* Exercise directions
Go through the data below and return each line where the string "thesis" appears.

* Information supplied
lemma fundamental_bounded_resolution_if_compact:
  assumes mu: "mu_space X" and K: "fundamental_compact_resolution X K"
  shows "fundamental_bounded_resolution (Lp_topology X)
    (\<lambda>\<alpha>. {c \<in> Lcarrier X. supp c \<subseteq> K \<alpha> \<and> L1norm c \<le> real (\<alpha> 0)})"
    (is "fundamental_bounded_resolution _ ?Kb")
  unfolding fundamental_bounded_resolution_def tvs_bounded_Lp_iff topspace_Lp_topology
proof (intro conjI allI impI)
  have Kc: "\<And>\<alpha>. compactin X (K \<alpha>)" and Km: "\<And>\<alpha> \<beta>. \<alpha> \<le> \<beta> \<Longrightarrow> K \<alpha> \<subseteq> K \<beta>"
    using K unfolding fundamental_compact_resolution_def by auto
  show "weakly_bounded X (?Kb \<alpha>)" for \<alpha>
    by (rule weakly_bounded_L1_ball[OF Kc])
  show "?Kb \<alpha> \<subseteq> ?Kb \<beta>" if "\<alpha> \<le> \<beta>" for \<alpha> \<beta>
  proof -
    have "real (\<alpha> 0) \<le> real (\<beta> 0)"
      using that by (simp add: le_fun_def)
    then show ?thesis
      using Km[OF that] by auto
  qed
  show "\<exists>\<alpha>. B \<subseteq> ?Kb \<alpha>" if "weakly_bounded X B" for B
    by (rule weakly_bounded_in_L1_ball_of_resolution[OF mu K that])
  show "(\<Union>\<alpha>. ?Kb \<alpha>) = Lcarrier X"
  proof (intro equalityI subsetI)
    fix c
    assume "c \<in> Lcarrier X"
    obtain \<alpha> where "{c} \<subseteq> ?Kb \<alpha>"
      using weakly_bounded_in_L1_ball_of_resolution[OF mu K weakly_bounded_singleton[OF \<open>c \<in> Lcarrier X\<close>]]
      by (rule exE)
    then show "c \<in> (\<Union>\<alpha>. ?Kb \<alpha>)"
      by auto
  qed auto
qed
lemma subdiff_set_closed:
  fixes f :: "'a::euclidean_space \<Rightarrow> real"
  assumes K: "compact K" "K \<subseteq> S" and "open S" and cont: "continuous_on S f"
  shows "closed (subdiff_set S f K)"
  unfolding closed_sequential_limits
proof clarify
  fix P :: "nat \<Rightarrow> 'a" and p
  assume P: "\<forall>n. P n \<in> subdiff_set S f K" and "P \<longlonglongrightarrow> p"
  then have "\<forall>n. \<exists>x. x \<in> K \<and> P n \<in> subdiff S f x" unfolding subdiff_set_def by blast
  then obtain X where X: "\<And>n. X n \<in> K" "\<And>n. P n \<in> subdiff S f (X n)" by metis
  obtain l r where l: "l \<in> K" "strict_mono (r :: nat \<Rightarrow> nat)" "(X \<circ> r) \<longlonglongrightarrow> l"
    using seq_compactE[OF compact_imp_seq_compact[OF K(1)], of X] X(1) by blast
  have "isCont f l" using cont \<open>open S\<close> l(1) K(2) by (auto simp: continuous_on_eq_continuous_at)
  have "p \<in> subdiff S f l"
    unfolding subdiff_def
  proof clarify
    fix y assume "y \<in> S"
    have "(\<lambda>n. f (X (r n)) + P (r n) \<bullet> (y - X (r n))) \<longlonglongrightarrow> f l + p \<bullet> (y - l)"
      using l(3) LIMSEQ_subseq_LIMSEQ[OF \<open>P \<longlonglongrightarrow> p\<close> l(2)] unfolding o_def
      by (intro tendsto_add tendsto_inner tendsto_diff tendsto_const isCont_tendsto_compose[OF \<open>isCont f l\<close>])
    moreover have "\<forall>n. f (X (r n)) + P (r n) \<bullet> (y - X (r n)) \<le> f y"
      using X(2) \<open>y \<in> S\<close> unfolding subdiff_def by blast
    ultimately show "f l + p \<bullet> (y - l) \<le> f y"
      by (intro tendsto_le[OF trivial_limit_sequentially tendsto_const]) auto
  qed
  then show "p \<in> subdiff_set S f K" using l(1) unfolding subdiff_set_def by blast
qed

text \<open>Testing a subgradient p at x with the point x + e p / |p| bounds |p| by the oscillation
  of f over a compact e-neighbourhood of K.\<close>
lemma subdiff_set_bounded:
  fixes f :: "'a::euclidean_space \<Rightarrow> real"
  assumes K: "compact K" "K \<subseteq> S" and "open S" and cont: "continuous_on S f"
  shows "bounded (subdiff_set S f K)"
proof -
  obtain e where e: "e > 0" "(\<Union>x\<in>K. cball x e) \<subseteq> S"
    using compact_subset_open_imp_cball_epsilon_subset[OF K(1) \<open>open S\<close> K(2)] by blast
  define C where "C = {x + y | x y. x \<in> K \<and> y \<in> cball 0 e}"
  have "compact C" unfolding C_def by (rule compact_sums[OF K(1)]) simp
  have CS: "C \<subseteq> S"
  proof
    fix z assume "z \<in> C"
    then obtain x y where "z = x + y" "x \<in> K" "y \<in> cball 0 e" unfolding C_def by blast
    then show "z \<in> S" using e(2) by (force simp: dist_norm)
  qed
  have "compact (f ` C)" by (rule compact_continuous_image[OF continuous_on_subset[OF cont CS] \<open>compact C\<close>])
  then obtain M where M: "\<And>z. z \<in> C \<Longrightarrow> norm (f z) \<le> M"
    using compact_imp_bounded bounded_iff by (metis imageI)
  have "norm p \<le> 2 * M / e" if p: "p \<in> subdiff_set S f K" for p
  proof -
    obtain x where x: "x \<in> K" "p \<in> subdiff S f x" using p unfolding subdiff_set_def by blast
    define y where "y = x + (e / norm p) *\<^sub>R p"
    have "x \<in> C" unfolding C_def using x e by force
    have "y \<in> C" unfolding C_def y_def using x e by force
    have "e * norm p \<le> f y - f x"
    proof -
      have "f x + p \<bullet> (y - x) \<le> f y" using x \<open>y \<in> C\<close> CS unfolding subdiff_def by blast
      moreover have "p \<bullet> (y - x) = e * norm p"
        by (cases "p = 0") (simp_all add: y_def power2_norm_eq_inner[symmetric] power2_eq_square)
      ultimately show ?thesis by simp
    qed
    also have "\<dots> \<le> 2 * M" using M[OF \<open>y \<in> C\<close>] M[OF \<open>x \<in> C\<close>] by (simp add: abs_le_iff)
    finally show "norm p \<le> 2 * M / e" using e by (simp add: pos_le_divide_eq mult.commute)
  qed
  then show ?thesis by (meson bounded_iff)
qed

* Exercise output
    then show ?thesis
      ultimately show ?thesis by simp
  then show ?thesis by (meson bounded_iff)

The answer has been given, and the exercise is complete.